On September 23, 1942, he was sworn into the United States Army Reserve, volunteering but not accepted for flight training. Taking a job as an analytical chemist for three months, he entered the graduate school of Howard University, applying again to the US Army Air Force.

Called up for flight training in April 1943, Jefferson received orders to report to Tuskegee Army Air Field to begin flight training. Receiving his pilots wings and officer's commission at Tuskegee, he was assigned to the 332nd "Red Tail" Fighter group at the Ramitelli Airfield near Foggia, Italy, flying the P-51 Mustang. Assigned to a fighter escort wing protecting bombing missions of the US 15th Air Force, his job was to attack key ground targets and guard the bombing mission against enemy Nazi Luftwaffe fighters.

During his 19th mission over Toulon, southern France on August 12, 1944, while attacking a radar installation he was shot down. Parachuting to safety and landing within a forest, he was immediately captured by Nazi ground troops. He was sent to prisoner of war camp Stalag Luft III in Poland, a specialist Luftwaffe-run camp for captured Allied Air Force personnel. During his period of internment, Jefferson comments that he was treated like any other Air Force officer by his German captors. He was then moved to Stalag VII-A, just outside Dachau. After the Russian Army entered Poland, the prisoners were marched to Munich by the Germans, where they were freed by General George Patton's US Third Army. Jefferson returned to the United States on board the Cunard liner , arriving in New York City in mid-1945:

Having been treated by the Nazis like every other Allied officer, I walked down the gang plank wearing an Army Air Corps Officer's uniform towards a white US Army sergeant on the dock, who informed us "Whites to the right, niggers to the left."

==Postwar career==
Jefferson served as an instrument instructor at Tuskegee Army airfield, until it closed in 1946. He remained in the US Air Force reserve, finally retiring in 1969. In 1947 Jefferson received his teaching certificate from Wayne State University, and began teaching elementary school science for the Detroit Public School System.
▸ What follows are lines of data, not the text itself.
lemma hermitian_orthonormal_eigenvectors:
  fixes H :: "complex^'n^'n"
  assumes herm: "hermitian_mat H" and "k \<le> CARD('n)"
  shows "\<exists>B. finite B \<and> card B = k \<and> orthonormal_set B \<and> (\<forall>b\<in>B. \<exists>\<mu>::real. H *v b = \<mu> *\<^sub>R b)"
  using assms(2)
proof (induction k)
  case 0
  then show ?case by (intro exI[of _ "{}"]) (auto simp: orthonormal_set_def)
next
  case (Suc k)
  then obtain B where B: "finite B" "card B = k" "orthonormal_set B"
    "\<forall>b\<in>B. \<exists>\<mu>::real. H *v b = \<mu> *\<^sub>R b"
    by auto
  obtain v where v: "cinner v v = 1" "\<forall>b\<in>B. cinner b v = 0" "\<exists>l::real. H *v v = l *\<^sub>R v"
    using hermitian_eigenvector_orthogonal[OF herm B(1,3,4)] B(2) Suc.prems by auto
  have "v \<notin> B" using v by force
  moreover have "cinner v b = 0" if "b \<in> B" for b using v(2) that cinner_cnj[of b v] by simp
  ultimately have "orthonormal_set (insert v B)"
    using B(3) v(1,2) unfolding orthonormal_set_def by auto
  then show ?case using B v \<open>v \<notin> B\<close> by (intro exI[of _ "insert v B"]) auto
qed

definition orthonormal_basis :: "('n \<Rightarrow> complex^'n) \<Rightarrow> bool" where
  "orthonormal_basis u \<longleftrightarrow> (\<forall>k j. cinner (u k) (u j) = (if k = j then 1 else 0))"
He received his M.A. degree in education in 1954, and was appointed assistant principal in 1969. He retired in 1979 as an assistant principal, after over 30 years service. He celebrated his 100th birthday in 2021.

==Personal life==
Jefferson died in his home city, Detroit, Michigan on June 22, 2022, at the age of 100.

==Legacy==
===Honors===
In 1995, Jefferson was enshrined in the Michigan Aviation Hall of Fame. In 2004, President George W. Bush awarded Jefferson a Purple Heart for being wounded while being shot down over German-occupied France. On March 29, 2007, Jefferson attended a ceremony in the U.S. Capitol rotunda, where he and all the other members of the Tuskegee Airmen (and their widows) were collectively awarded the Congressional Gold Medal in recognition of their service.

Detroit, Michigan honored Jefferson for his service during WWII, with a metaphorical "key to the city" In 2021.

===Military awards===
Jefferson's decorations and awards include:

| 1st row | Distinguished Flying Cross | Bronze Star Medal | Purple Heart |
| 2nd row | Air Medal | Air Force Presidential Unit Citation | Air Force Achievement Medal |
| 3rd row | Prisoner of War Medal | American Defense Service Medal | American Campaign Medal |
| 4th row | European-African-Middle Eastern Campaign Medal | World War II Victory Medal | National Defense Service Medal |
| 5th row | Air Force Longevity Service Award | Armed Forces Reserve Medal | French Knight of the Legion of Honor Medal |

Additional awards include the Congressional Gold Medal, pictured.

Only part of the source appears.